Поэтому я, ломая Вашу гордость, хочу у Вас спросить: что стоит друг, если он при виде горя и печали друга только причмокивает языком от сочувствия и не делает ничего, будучи что-либо в состоянии сделать? Надеюсь, что Вы мой вопрос поняли. И я прошу Вас принять мою помощь. Это для меня ничего не составит, а Вам, я знаю, это необходимо.
Кроме того, разрешите мне в качестве новогоднего подарка прислать Вам деньги на покупку радиоприемника, который Вам даст возможность слушать и мою музыку среди другой.
Я жду с нетерпением Вашего скорого письма. А пока я хочу Вам пожелать так много хорошего, как может желать только искренне преданный человек.
Людмила! Верьте! Любите жизнь! Помните, что я этого хочу. (...) А чтоб Вы совсем рассмеялись от неожиданности, я крепко Вас обнимаю и целую, худую и некрасивую. Для моих чувств Ваши габариты не имеют никакого значения. Вы для меня всегда остаетесь обширной и красивой. Вот как!
Ваш И. Д.
1/II—49 г.
Милый друг, вместо ожидаемой Вами улыбки я расплакалась над Вашим письмом. Я очень ценю Вашу деликатность, но мне стало так грустно...
Относительно Вашего предложения могу сказать Вам (только Вам я решаюсь сказать об этом откровенно), что я нахожусь в мучительном раздумье: быть или не быть?
(...) Чем ближе становитесь Вы мне, чем теснее незримые нити связывают наши души, тем менее мне хочется, чтобы среди этих нитей была материальная зависимость. (...)
Другое дело — радиоприемник. Тут уж искушение слишком велико, а я ведь только слабая женщина! Приходится сознаться, что мне это вдвойне приятно, потому что он будет всегда напоминать о Вас. Но позвольте заметить, что, собираясь сделать подарок, не спрашивают о том разрешения. (...)

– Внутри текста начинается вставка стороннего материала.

(* Let $k\ge0$, $n>2k$ and $\epsilon>0$. Fix any sequence $(s_{k,t})_{t=k+1}^{n-k}$ of maps $s_{k,t}:\mathcal Z^{2k+1}\to\hat{\mathcal X}$. Then for all $x^n\in\mathcal X^n$, $$\Pr\Big(L(x_{k+1}^{n-k},Z^n)-\tilde L(Z^n)>\epsilon\Big)\le(k+1)\exp\Big(-\frac{2(n-2k)\epsilon^2}{(k+1)L_{\max}^2}\Big)$$ and $$\Pr\Big(\tilde L(Z^n)-L(x_{k+1}^{n-k},Z^n)>\epsilon\Big)\le(k+1)\exp\Big(-\frac{2(n-2k)\epsilon^2}{(k+1)L_{\max}^2}\Big),$$ where $L(x_{k+1}^{n-k},z^n)=\frac1{n-2k}\sum_{t=k+1}^{n-k}\Lambda\big(x_t,s_{k,t}(z_{t-k}^{t+k})\big)$ and $\tilde L(z^n)=\frac1{n-2k}\sum_{t=k+1}^{n-k}\ell\big(z_t,s_{k,t}(\mathbf c_t,\cdot)\big)$.
   Context: Let $\mathcal X,\mathcal Z,\hat{\mathcal X}$ be finite alphabets and $\Pi=\{\Pi(x,z)\}$ a $|\mathcal X|\times|\mathcal Z|$ stochastic matrix (discrete memoryless channel) of full row rank. For deterministic $x^n\in\mathcal X^n$, the channel output $Z^n$ has independent components with $\Pr(Z_t=z)=\Pi(x_t,z)$. Fix a loss $\Lambda:\mathcal X\times\hat{\mathcal X}\to[0,\infty)$, $\Lambda_{\max}=\max_{x,\hat x}\Lambda(x,\hat x)$. Let $\mathcal S$ be the set of all maps $s:\mathcal Z\to\hat{\mathcal X}$. Fix a real $|\mathcal Z|\times|\mathcal X|$ matrix $H$ with $\Pi H=I$; $h(z)\in\mathbb R^{\mathcal X}$ is the column vector equal to the $z$-th row of $H$. For $s\in\mathcal S$, $\rho_x(s)=\sum_z\Lambda(x,s(z))\Pi(x,z)$ and $\ell(z,s)=h(z)^T\rho(s)$. Let $\ell_{\max}=\max_{z,s}\ell(z,s)-\min_{z,s}\ell(z,s)$, $L_{\max}=\Lambda_{\max}+\ell_{\max}$. For $z^n$ and $k+1\le t\le n-k$, the context is $\mathbf c_t=(z_{t-k}^{t-1},z_{t+1}^{t+k})$, and $s_{k,t}(\mathbf c_t,\cdot)\in\mathcal S$ is the map $z\mapsto s_{k,t}(z_{t-k}^{t-1},z,z_{t+1}^{t+k})$. *)

theory Defs
  imports "HOL-Probability.Probability"
begin

text \<open>Alphabets are finite types 'x (clean symbols), 'z (channel outputs), 'xh (reconstructions).
  The DMC Pi is given row-wise as pmfs: Pi(x,z) = pmf (Ch x) z.
  H is a |Z| x |X| real matrix, h(z) its z-th row.\<close>

definition rho :: "('x::finite \<Rightarrow> 'z::finite pmf) \<Rightarrow> ('x \<Rightarrow> 'xh \<Rightarrow> real) \<Rightarrow> ('z \<Rightarrow> 'xh) \<Rightarrow> 'x \<Rightarrow> real" where
  "rho Ch Lam s x = (\<Sum>z\<in>UNIV. Lam x (s z) * pmf (Ch x) z)"

definition ell :: "('x::finite \<Rightarrow> 'z::finite pmf) \<Rightarrow> ('z \<Rightarrow> 'x \<Rightarrow> real) \<Rightarrow> ('x \<Rightarrow> 'xh \<Rightarrow> real) \<Rightarrow> 'z \<Rightarrow> ('z \<Rightarrow> 'xh) \<Rightarrow> real" where
  "ell Ch H Lam z s = (\<Sum>x\<in>UNIV. H z x * rho Ch Lam s x)"

definition Lambda_max :: "('x::finite \<Rightarrow> 'xh::finite \<Rightarrow> real) \<Rightarrow> real" where
  "Lambda_max Lam = Max {Lam x xh | x xh. True}"

definition ell_max :: "('x::finite \<Rightarrow> 'z::finite pmf) \<Rightarrow> ('z \<Rightarrow> 'x \<Rightarrow> real) \<Rightarrow> ('x \<Rightarrow> 'xh::finite \<Rightarrow> real) \<Rightarrow> real" where
  "ell_max Ch H Lam = Max {ell Ch H Lam z s | z s. True} - Min {ell Ch H Lam z s | z s. True}"

definition L_max :: "('x::finite \<Rightarrow> 'z::finite pmf) \<Rightarrow> ('z \<Rightarrow> 'x \<Rightarrow> real) \<Rightarrow> ('x \<Rightarrow> 'xh::finite \<Rightarrow> real) \<Rightarrow> real" where
  "L_max Ch H Lam = Lambda_max Lam + ell_max Ch H Lam"

text \<open>Sequences x^n, z^n are functions on nat, indices 1..n. The sliding-window denoiser
  s t : Z^{2k+1} -> Xh is applied to the list [z_{t-k}, ..., z_{t+k}].\<close>

definition window :: "nat \<Rightarrow> nat \<Rightarrow> (nat \<Rightarrow> 'z) \<Rightarrow> 'z list" where
  "window k t zs = map zs [t - k..<t + k + 1]"

text \<open>s_{k,t}(c_t, .) : z |-> s_{k,t}(z_{t-k}^{t-1}, z, z_{t+1}^{t+k})\<close>
definition ctx_map :: "nat \<Rightarrow> nat \<Rightarrow> (nat \<Rightarrow> 'z list \<Rightarrow> 'xh) \<Rightarrow> (nat \<Rightarrow> 'z) \<Rightarrow> 'z \<Rightarrow> 'xh" where
  "ctx_map k t s zs = (\<lambda>z. s t (map zs [t - k..<t] @ [z] @ map zs [t + 1..<t + k + 1]))"

definition L_true :: "nat \<Rightarrow> nat \<Rightarrow> ('x \<Rightarrow> 'xh \<Rightarrow> real) \<Rightarrow> (nat \<Rightarrow> 'z list \<Rightarrow> 'xh) \<Rightarrow> (nat \<Rightarrow> 'x) \<Rightarrow> (nat \<Rightarrow> 'z) \<Rightarrow> real" where
  "L_true n k Lam s xs zs =
     (1 / (real n - 2 * real k)) * (\<Sum>t = k + 1..n - k. Lam (xs t) (s t (window k t zs)))"

definition L_tilde :: "('x::finite \<Rightarrow> 'z::finite pmf) \<Rightarrow> ('z \<Rightarrow> 'x \<Rightarrow> real) \<Rightarrow> ('x \<Rightarrow> 'xh \<Rightarrow> real) \<Rightarrow> nat \<Rightarrow> nat \<Rightarrow> (nat \<Rightarrow> 'z list \<Rightarrow> 'xh) \<Rightarrow> (nat \<Rightarrow> 'z) \<Rightarrow> real" where
  "L_tilde Ch H Lam n k s zs =
     (1 / (real n - 2 * real k)) * (\<Sum>t = k + 1..n - k. ell Ch H Lam (zs t) (ctx_map k t s zs))"

definition channel_out :: "('x \<Rightarrow> 'z pmf) \<Rightarrow> nat \<Rightarrow> (nat \<Rightarrow> 'x) \<Rightarrow> (nat \<Rightarrow> 'z) pmf" where
  "channel_out Ch n xs = Pi_pmf {1..n} undefined (\<lambda>t. Ch (xs t))"

end

theory Submission
  imports Defs
begin

text \<open>
  (n - 2k)(L - L~) is the sum over t of the loss gaps
  \<Lambda>(x_t, s_{k,t}(z_{t-k}^{t+k})) - \<ell>(z_t, s_{k,t}(c_t, \<cdot>)). Since \<Pi>H = I, \<ell>(Z, s) with
  Z ~ \<Pi>(x, \<cdot>) is an unbiased estimate of \<rho>_x(s), so each gap has mean zero over Z_t whatever
  the other outputs are. The t-th gap depends only on the window Z_{t-k}^{t+k}, and the windows
  of a residue class of t modulo k + 1 meet the class only in their centres. Hence, conditionally
  on the outputs outside the class, the gaps of the class are independent, centred and confined
  to an interval of length L_max, and Hoeffding's inequality applies. A union bound over the
  k + 1 classes, with thresholds proportional to the square roots of the class sizes, gives the
  claimed bound.
\<close>

lemma map_pmf_pair_pmf_eq_bind:
  "map_pmf h (pair_pmf p q) = bind_pmf p (\<lambda>x. map_pmf (\<lambda>y. h (x, y)) q)"
  by (simp add: pair_pmf_def map_bind_pmf map_pmf_def bind_assoc_pmf bind_return_pmf)

lemma prob_Pi_pmf_sum_ge_le_Hoeffding:
  fixes W :: "'i \<Rightarrow> 'a \<Rightarrow> real"
  assumes "finite C" "C \<noteq> {}"
    and mean_zero: "\<And>t. t \<in> C \<Longrightarrow> measure_pmf.expectation (p t) (W t) = 0"
    and bounded: "\<And>t z. t \<in> C \<Longrightarrow> W t z \<in> {a..b}"
    and "a < b" "\<tau> \<ge> 0"
  shows "measure_pmf.prob (Pi_pmf C d p) {f. \<tau> \<le> (\<Sum>t\<in>C. W t (f t))}
           \<le> exp (-2 * \<tau>\<^sup>2 / (real (card C) * (b - a)\<^sup>2))"
proof -
  let ?Q = "Pi_pmf C d p"
  interpret Hoeffding_ineq "measure_pmf ?Q" C "\<lambda>t f. W t (f t)" "\<lambda>_. a" "\<lambda>_. b" 0
  proof unfold_locales
    show "prob_space.indep_vars (measure_pmf ?Q) (\<lambda>_. borel) (\<lambda>t f. W t (f t)) C"
      by (rule prob_space.indep_vars_compose2[OF _ indep_vars_Pi_pmf[OF \<open>finite C\<close>]])
        (auto simp: measure_pmf.prob_space_axioms)
    have "measure_pmf.expectation ?Q (\<lambda>f. W t (f t)) = 0" if "t \<in> C" for t
    proof -
      have "measure_pmf.expectation ?Q (\<lambda>f. W t (f t))
          = measure_pmf.expectation (map_pmf (\<lambda>f. f t) ?Q) (W t)" by simp
      also have "map_pmf (\<lambda>f. f t) ?Q = p t"
        by (subst Pi_pmf_component) (use \<open>finite C\<close> that in auto)
      finally show ?thesis using mean_zero[OF that] by simp
    qed
    then show "0 \<equiv> \<Sum>t\<in>C. measure_pmf.expectation ?Q (\<lambda>f. W t (f t))" by simp
  qed (use assms in auto)
  have "(\<Sum>t\<in>C. (b - a)\<^sup>2) > 0"
    using assms(1,2,5) by (simp add: card_gt_0_iff)
  from Hoeffding_ineq_ge[OF \<open>\<tau> \<ge> 0\<close> this] show ?thesis by simp
qed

Меня немного удивил Ваш призыв — любить жизнь. Неужели у Вас создалось такое мнение обо мне, что я не ценю жизнь? Наоборот, я страстно люблю жизнь, такую, какая она есть. И чем больше мне лет, тем больше я ценю жизнь, только, к сожалению, мне не удается занять в ней то место, которое хотелось бы. Моя работа, правда, по-своему интересная, тяжелая трудовая жизнь в сельской местности (вот что значит Бобровка) целиком поглощают у меня время и силы, но не захватывают полностью. Гораздо сильнее меня влечет к себе другое, недоступное по разным причинам: я очень люблю искусство — музыку, хороший театр, литературу, живопись. В свое время я подвизалась на всех этих поприщах, но всегда неуверенность в себе, своих силах мне мешала. (...) Также очень люблю танцы и спорт и занималась ими с детских лет. В Москве, в годы студенчества, увлекалась легкой атлетикой, коньками, лыжами, акробатикой, художественной гимнастикой. Была хорошим спринтером и выступала на первенство Москвы по гимнастике. Недурно рисовала, писала. На сцене рискнула выступить сравнительно недавно, в Крыму (удалось преодолеть свою застенчивость) и с довольно шумным успехом (у нас был хороший режиссер). В общем — задатков было много, а ничего не вышло. Всему виной — мой характер и воспитание. И главное, как Вы очень чутко заметили, была совершена ошибка, непоправимая ошибка, за которую расплата — моя жизнь. Эта ошибка — мой первый брак, распявший мое человеческое достоинство до такой степени, что я перестала себя уважать. Потом — годы войны, годы тяжелой и упорной борьбы за жизнь, свою и близких мне людей. После войны — вторичная ошибка, происшедшая тоже от жажды жизни и любви, и потом уже жизнь не для себя, заботы не о себе. Даже вечерами, вместо отдыха, стараешься взять какую-нибудь дополнительную работу. А если бы не эти земные цепи, я бы еще взлетела, да еще как! Ведь я сейчас и зрелее, и умнее, и жаднее к жизни, чем когда-то!